Microeletrodos Intracortical (IME) são eletrodos invasivos que fornecem um meio de interligar diretamente entre dispositivos externos e as populações neuronais dentro do córtex cerebral1,2. Esta tecnologia é uma ferramenta inestimável para o registro de potenciais de ação neural para melhorar a capacidade dos cientistas de explorar a função neuronal, avançar a compreensão de doenças neurológicas e desenvolver terapias potenciais. O microeletrodo Intracortical, usado como parte dos sistemas brain machine interface (IMC), permite o registro de potenciais de ação de um indivíduo ou pequenos grupos de neurônios para detectar intenções motoras que podem ser usadas para produzir saídas funcionais3. Na verdade, os sistemas de IMC têm sido usados com sucesso para fins protéticos e terapêuticos, como o controle do ritmo sensório-motor adquirido para operar um cursor de computador em pacientes com esclerose lateral amiotrófica (ELA)4 e lesões na medula espinhal5 e restaurar o movimento em pessoas que sofrem de telegia crônica6.
Infelizmente, imes muitas vezes não conseguem gravar de forma consistente ao longo do tempo devido a vários modos de falha que incluem mecânicos, biológicos e materiais fatores7,8. Acredita-se que a resposta neuroinflamatória que ocorre após a implantação do eletrodo seja um desafio considerável que contribui para a falha do eletrodo9,10,11,12,13, 14. A resposta neuroinflamatória é iniciada durante a inserção inicial do IME que corta a barreira cerebral do sangue, danifica o parenchyma cerebral local e interrompe as redes gliais e neuronais15,16. Esta resposta aguda é caracterizada pela ativação de células gliais (microglia/macrófagos e astrócitos), que liberam moléculas pró-inflamatórias e neurotóxicas ao redor do local do implante17,18,19,20. A ativação crônica das células gliais resulta em uma reação corporal estrangeira caracterizada pela formaçãode uma cicatriz glial isolando o eletrodo do tecido cerebral saudável7,9,12,13, 17,21,22. Em última análise, dificultando a capacidade do eletrodo para registrar potenciais de ação neuronal, devido à barreira física entre o eletrodo e os neurônios e a degeneração e morte dos neurônios23,24,25.

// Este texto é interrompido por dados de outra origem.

lemma qmodule_rename_product:
  assumes S: "S \<subseteq> {..<n}" "card S = s"
    and cert: "(\<Prod>i<s. mvar i) + mconst c \<in> qmodule s r gbox"
  shows "(\<Prod>i\<in>S. mvar i) + mconst c \<in> qmodule n r gbox"
proof -
  obtain \<sigma> where bij: "bij_betw \<sigma> {..<s} S"
    using ex_bij_betw_nat_finite[OF finite_subset[OF S(1)]] S(2) by (auto simp: lessThan_atLeast0)
  have \<sigma>: "\<sigma> i < n" if "i < s" for i
    using bij that S(1) unfolding bij_betw_def by auto
  let ?r = "subst_poly mconst (\<lambda>i. mvar (\<sigma> i))"
  from cert obtain s0 sf where A: "sos s s0" "deg_le r s0"
      "\<forall>i<s. sos s (sf i) \<and> deg_le r (sf i * gbox i)"
      "(\<Prod>i<s. mvar i) + mconst c = s0 + (\<Sum>i<s. sf i * gbox i)"
    unfolding qmodule_iff by blast
  define t where "t l = (if l \<in> S then ?r (sf (inv_into {..<s} \<sigma> l)) else 0)" for l
  have rename_gbox: "?r (gbox i) = gbox (\<sigma> i)" for i
    unfolding gbox_def by (simp add: poly_const.subst_poly_mult poly_const.subst_poly_diff)
  have t\<sigma>: "t (\<sigma> i) = ?r (sf i)" if "i < s" for i
    using bij that unfolding t_def bij_betw_def by (auto simp: inv_into_f_f)
  have rename_sum: "?r (\<Sum>i<s. sf i * gbox i) = (\<Sum>l<n. t l * gbox l)"
  proof -
    have "?r (\<Sum>i<s. sf i * gbox i) = (\<Sum>i<s. t (\<sigma> i) * gbox (\<sigma> i))"
      by (simp add: poly_const.subst_poly_sum poly_const.subst_poly_mult rename_gbox t\<sigma>)
    also have "\<dots> = (\<Sum>l\<in>S. t l * gbox l)"
      by (rule sum.reindex_bij_betw[OF bij])
    also have "\<dots> = (\<Sum>l<n. t l * gbox l)"
      by (rule sum.mono_neutral_left) (use S(1) in \<open>auto simp: t_def\<close>)
    finally show ?thesis .
  qed
  have "(\<Prod>i\<in>S. mvar i) + mconst c = ?r ((\<Prod>i<s. mvar i) + mconst c)"
    by (simp add: poly_const.subst_poly_add poly_const.subst_poly_prod prod.reindex_bij_betw[OF bij])
  also have "\<dots> = ?r s0 + (\<Sum>l<n. t l * gbox l)"
    unfolding A(4) poly_const.subst_poly_add rename_sum ..
  finally have "(\<Prod>i\<in>S. mvar i) + mconst c = ?r s0 + (\<Sum>l<n. t l * gbox l)" .
  moreover have "sos n (t l) \<and> deg_le r (t l * gbox l)" if "l < n" for l
  proof (cases "l \<in> S")
    case True
    then obtain i where i: "i < s" "l = \<sigma> i"
      using bij unfolding bij_betw_def by auto
    then have "t l * gbox l = ?r (sf i * gbox i)"
      by (simp add: t\<sigma> poly_const.subst_poly_mult rename_gbox)
    then show ?thesis
      using A(3) i \<sigma> by (auto simp: t\<sigma> intro: sos_rename deg_le_rename)
  qed (simp add: t_def)
  ultimately show ?thesis
    unfolding qmodule_iff using sos_rename[OF A(1)] \<sigma> deg_le_rename[OF A(2)] by blast
qed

O fracasso precoce dos microeletrodos intracortical trouxe pesquisas consideráveis no desenvolvimento de eletrodos de próxima geração, com ênfase em estratégias biomiméticas26,27,28,29,30. De particular interesse para o protocolo descrito aqui, é o uso da nano-arquitetura como uma classe de alterações de superfície biomimética para IMEs31. Estabeleceu-se que as superfícies que imitam a arquitetura do ambiente in vivo natural têm uma resposta biocompatível melhorada32,33,34,35,36. Assim, a hipótese que obrigando este protocolo é que a descontinuidade entre a arquitetura áspera do tecido cerebral e a arquitetura suave dos microeletrodos intracortical pode contribuir para a resposta neuroinflamatória e crônica do corpo estranho às IMEs implantadas (para uma revisão completa refere-se a Kim et al.31). Já mostramos anteriormente que a utilização de características nanoarquitetura semelhantes à arquitetura de matriz extracelular do cérebro reduz marcadores inflamatórios astrócitos de células cultivadas em substratos nano-arquiteturados, em comparação com superfícies de controle plano em modelos in vitro e ex vivo de neuroinflamação37,38. Além disso, mostramos que a aplicação da litografia de feixe de íons focados (FIB) para gravar nanoarquiteturas diretamente em sondas de silício resultou em um aumento significativo da viabilidade neuronal e menor expressão de genes pró-inflamatórios de animais implantados com as sondas de nanoarquitetura em comparação com o grupo de controle suave26. Portanto, o objetivo do protocolo apresentado aqui é descrever o uso da litografia fib para gravar nanoarquiteturas em dispositivos de microeletrodo intracortical fabricados. Este protocolo foi projetado para gravar características do tamanho de nanoarquitetura em superfícies de silício de hastes de microeletrodos intracortical utilizando processos automatizados e manuais. Estes métodos são descomplicados, reproduzíveis e certamente podem ser otimizados para vários materiais de dispositivos e tamanhos de recurso desejados.